(Collected data)
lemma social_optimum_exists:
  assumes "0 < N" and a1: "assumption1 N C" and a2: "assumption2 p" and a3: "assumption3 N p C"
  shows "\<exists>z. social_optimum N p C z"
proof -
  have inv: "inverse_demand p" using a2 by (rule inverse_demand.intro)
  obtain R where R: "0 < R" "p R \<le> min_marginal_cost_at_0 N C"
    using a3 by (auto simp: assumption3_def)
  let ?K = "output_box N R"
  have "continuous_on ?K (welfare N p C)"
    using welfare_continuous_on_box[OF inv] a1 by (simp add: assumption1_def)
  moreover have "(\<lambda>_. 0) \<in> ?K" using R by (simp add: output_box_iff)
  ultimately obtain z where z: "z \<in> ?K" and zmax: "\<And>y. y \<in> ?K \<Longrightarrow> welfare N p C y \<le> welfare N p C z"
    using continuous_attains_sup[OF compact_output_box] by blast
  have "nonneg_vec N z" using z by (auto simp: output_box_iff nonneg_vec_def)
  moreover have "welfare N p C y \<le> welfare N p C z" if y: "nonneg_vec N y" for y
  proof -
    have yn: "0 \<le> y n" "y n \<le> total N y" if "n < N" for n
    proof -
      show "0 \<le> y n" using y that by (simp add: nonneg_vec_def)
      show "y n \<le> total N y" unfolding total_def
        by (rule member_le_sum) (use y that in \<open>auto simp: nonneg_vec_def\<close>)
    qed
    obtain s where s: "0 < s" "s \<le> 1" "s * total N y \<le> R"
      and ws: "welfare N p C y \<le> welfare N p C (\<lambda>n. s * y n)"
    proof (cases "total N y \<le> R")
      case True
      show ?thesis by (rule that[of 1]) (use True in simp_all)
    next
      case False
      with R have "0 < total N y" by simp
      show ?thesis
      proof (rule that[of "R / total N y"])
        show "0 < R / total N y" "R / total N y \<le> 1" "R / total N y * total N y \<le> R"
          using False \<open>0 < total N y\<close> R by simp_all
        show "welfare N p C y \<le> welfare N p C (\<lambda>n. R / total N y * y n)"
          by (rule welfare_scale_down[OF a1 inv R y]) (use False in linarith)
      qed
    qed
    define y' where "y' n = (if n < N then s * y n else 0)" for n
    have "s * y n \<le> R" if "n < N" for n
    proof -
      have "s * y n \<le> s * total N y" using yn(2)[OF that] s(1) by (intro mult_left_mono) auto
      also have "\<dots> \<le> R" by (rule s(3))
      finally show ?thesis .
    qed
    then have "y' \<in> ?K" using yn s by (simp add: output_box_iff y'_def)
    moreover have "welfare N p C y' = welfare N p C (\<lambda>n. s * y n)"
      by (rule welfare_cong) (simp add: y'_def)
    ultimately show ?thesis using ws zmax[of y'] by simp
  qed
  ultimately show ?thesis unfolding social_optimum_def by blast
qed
* * *
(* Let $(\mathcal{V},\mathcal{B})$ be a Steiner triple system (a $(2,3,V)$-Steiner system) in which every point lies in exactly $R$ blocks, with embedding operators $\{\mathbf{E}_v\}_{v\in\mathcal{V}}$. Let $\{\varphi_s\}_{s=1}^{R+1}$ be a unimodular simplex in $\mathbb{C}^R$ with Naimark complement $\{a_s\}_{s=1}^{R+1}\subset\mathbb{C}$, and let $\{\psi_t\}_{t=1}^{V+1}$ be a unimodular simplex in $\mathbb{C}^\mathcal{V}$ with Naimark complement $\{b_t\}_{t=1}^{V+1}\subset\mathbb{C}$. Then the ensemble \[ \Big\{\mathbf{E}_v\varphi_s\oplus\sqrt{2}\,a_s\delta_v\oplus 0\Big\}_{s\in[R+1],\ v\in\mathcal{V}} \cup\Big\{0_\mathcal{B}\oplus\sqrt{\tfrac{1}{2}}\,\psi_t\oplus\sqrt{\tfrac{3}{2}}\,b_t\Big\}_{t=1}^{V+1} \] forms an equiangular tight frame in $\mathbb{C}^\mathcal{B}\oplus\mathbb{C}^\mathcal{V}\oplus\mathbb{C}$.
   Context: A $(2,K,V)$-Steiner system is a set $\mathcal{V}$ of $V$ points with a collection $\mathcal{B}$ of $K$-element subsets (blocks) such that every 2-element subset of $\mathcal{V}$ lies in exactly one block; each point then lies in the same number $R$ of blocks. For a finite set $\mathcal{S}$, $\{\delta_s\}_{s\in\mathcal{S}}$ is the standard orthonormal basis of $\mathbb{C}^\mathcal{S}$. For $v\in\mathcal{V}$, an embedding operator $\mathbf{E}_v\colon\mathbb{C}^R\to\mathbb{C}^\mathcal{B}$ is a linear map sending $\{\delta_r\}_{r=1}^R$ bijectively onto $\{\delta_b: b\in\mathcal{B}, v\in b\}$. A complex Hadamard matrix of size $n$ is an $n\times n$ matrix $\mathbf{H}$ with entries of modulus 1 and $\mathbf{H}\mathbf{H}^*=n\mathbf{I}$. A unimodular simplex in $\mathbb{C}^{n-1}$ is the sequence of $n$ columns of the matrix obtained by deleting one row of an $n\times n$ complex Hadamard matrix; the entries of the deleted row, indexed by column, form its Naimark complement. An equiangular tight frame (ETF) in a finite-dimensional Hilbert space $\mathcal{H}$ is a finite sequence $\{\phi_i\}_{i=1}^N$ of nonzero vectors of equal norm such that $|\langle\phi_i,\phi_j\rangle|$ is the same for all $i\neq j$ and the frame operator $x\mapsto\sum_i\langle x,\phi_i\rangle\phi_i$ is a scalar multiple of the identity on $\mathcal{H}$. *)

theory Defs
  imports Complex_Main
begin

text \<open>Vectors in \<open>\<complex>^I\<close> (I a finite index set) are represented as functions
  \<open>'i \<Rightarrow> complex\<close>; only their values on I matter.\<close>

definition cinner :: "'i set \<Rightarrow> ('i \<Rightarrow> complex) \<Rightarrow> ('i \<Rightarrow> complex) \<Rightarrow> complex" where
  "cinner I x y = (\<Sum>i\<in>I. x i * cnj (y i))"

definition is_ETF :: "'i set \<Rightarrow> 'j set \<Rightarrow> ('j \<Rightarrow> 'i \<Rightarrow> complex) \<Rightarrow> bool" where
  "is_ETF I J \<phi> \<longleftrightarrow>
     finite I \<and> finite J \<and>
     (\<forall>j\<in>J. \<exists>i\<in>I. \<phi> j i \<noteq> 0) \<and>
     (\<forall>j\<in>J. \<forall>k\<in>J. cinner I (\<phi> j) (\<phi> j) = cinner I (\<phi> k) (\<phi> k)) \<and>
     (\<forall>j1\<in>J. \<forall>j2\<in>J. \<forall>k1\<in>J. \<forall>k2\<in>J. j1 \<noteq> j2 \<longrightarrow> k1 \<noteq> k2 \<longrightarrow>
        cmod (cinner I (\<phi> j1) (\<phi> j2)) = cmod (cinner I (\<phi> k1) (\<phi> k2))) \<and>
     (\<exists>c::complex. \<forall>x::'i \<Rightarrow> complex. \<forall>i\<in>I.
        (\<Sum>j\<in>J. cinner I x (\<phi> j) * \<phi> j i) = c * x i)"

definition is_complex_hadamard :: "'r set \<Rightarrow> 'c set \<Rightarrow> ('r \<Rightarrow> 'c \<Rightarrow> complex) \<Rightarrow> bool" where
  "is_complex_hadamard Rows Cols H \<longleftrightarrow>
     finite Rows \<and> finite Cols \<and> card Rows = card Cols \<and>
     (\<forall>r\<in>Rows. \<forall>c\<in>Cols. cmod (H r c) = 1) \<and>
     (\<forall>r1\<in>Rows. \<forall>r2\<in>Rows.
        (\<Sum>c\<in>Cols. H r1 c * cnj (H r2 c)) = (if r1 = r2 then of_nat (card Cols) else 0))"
* * *
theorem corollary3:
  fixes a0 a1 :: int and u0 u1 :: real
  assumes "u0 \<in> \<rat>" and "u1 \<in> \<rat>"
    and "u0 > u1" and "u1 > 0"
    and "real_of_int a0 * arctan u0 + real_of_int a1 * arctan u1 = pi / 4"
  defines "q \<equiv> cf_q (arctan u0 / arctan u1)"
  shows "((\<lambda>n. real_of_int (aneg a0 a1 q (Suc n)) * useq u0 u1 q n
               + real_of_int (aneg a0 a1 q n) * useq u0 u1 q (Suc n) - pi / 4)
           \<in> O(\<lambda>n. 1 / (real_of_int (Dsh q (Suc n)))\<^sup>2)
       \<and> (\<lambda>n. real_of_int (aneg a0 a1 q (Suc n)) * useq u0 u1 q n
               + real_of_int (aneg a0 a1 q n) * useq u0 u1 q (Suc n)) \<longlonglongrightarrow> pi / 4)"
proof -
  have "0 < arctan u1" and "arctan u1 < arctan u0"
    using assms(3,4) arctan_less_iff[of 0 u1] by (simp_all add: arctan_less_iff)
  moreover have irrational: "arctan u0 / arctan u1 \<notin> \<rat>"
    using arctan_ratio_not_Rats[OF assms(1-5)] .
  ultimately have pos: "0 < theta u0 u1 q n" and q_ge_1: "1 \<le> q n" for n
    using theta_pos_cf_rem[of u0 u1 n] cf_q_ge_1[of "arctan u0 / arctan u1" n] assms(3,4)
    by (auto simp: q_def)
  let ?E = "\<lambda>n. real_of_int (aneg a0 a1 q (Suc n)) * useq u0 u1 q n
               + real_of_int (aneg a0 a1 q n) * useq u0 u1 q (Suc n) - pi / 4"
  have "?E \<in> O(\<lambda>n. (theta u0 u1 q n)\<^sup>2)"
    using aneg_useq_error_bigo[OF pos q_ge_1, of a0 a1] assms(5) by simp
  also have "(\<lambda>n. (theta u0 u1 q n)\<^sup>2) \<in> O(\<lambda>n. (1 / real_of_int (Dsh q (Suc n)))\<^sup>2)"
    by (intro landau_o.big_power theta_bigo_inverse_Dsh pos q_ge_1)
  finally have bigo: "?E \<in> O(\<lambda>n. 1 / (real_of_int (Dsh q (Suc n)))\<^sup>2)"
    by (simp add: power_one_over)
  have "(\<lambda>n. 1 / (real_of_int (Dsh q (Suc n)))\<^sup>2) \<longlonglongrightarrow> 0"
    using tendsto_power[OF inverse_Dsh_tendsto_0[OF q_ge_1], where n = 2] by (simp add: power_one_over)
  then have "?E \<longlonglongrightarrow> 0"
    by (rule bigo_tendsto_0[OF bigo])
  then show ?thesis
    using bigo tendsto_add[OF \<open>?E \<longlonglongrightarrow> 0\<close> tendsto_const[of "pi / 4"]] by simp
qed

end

» **EXERCISE**:
Where a line of the entries contains the word "shows", copy that line.

» **ANSWER FOR THIS EXERCISE**:
  shows "\<exists>z. social_optimum N p C z"
  shows "((\<lambda>n. real_of_int (aneg a0 a1 q (Suc n)) * useq u0 u1 q n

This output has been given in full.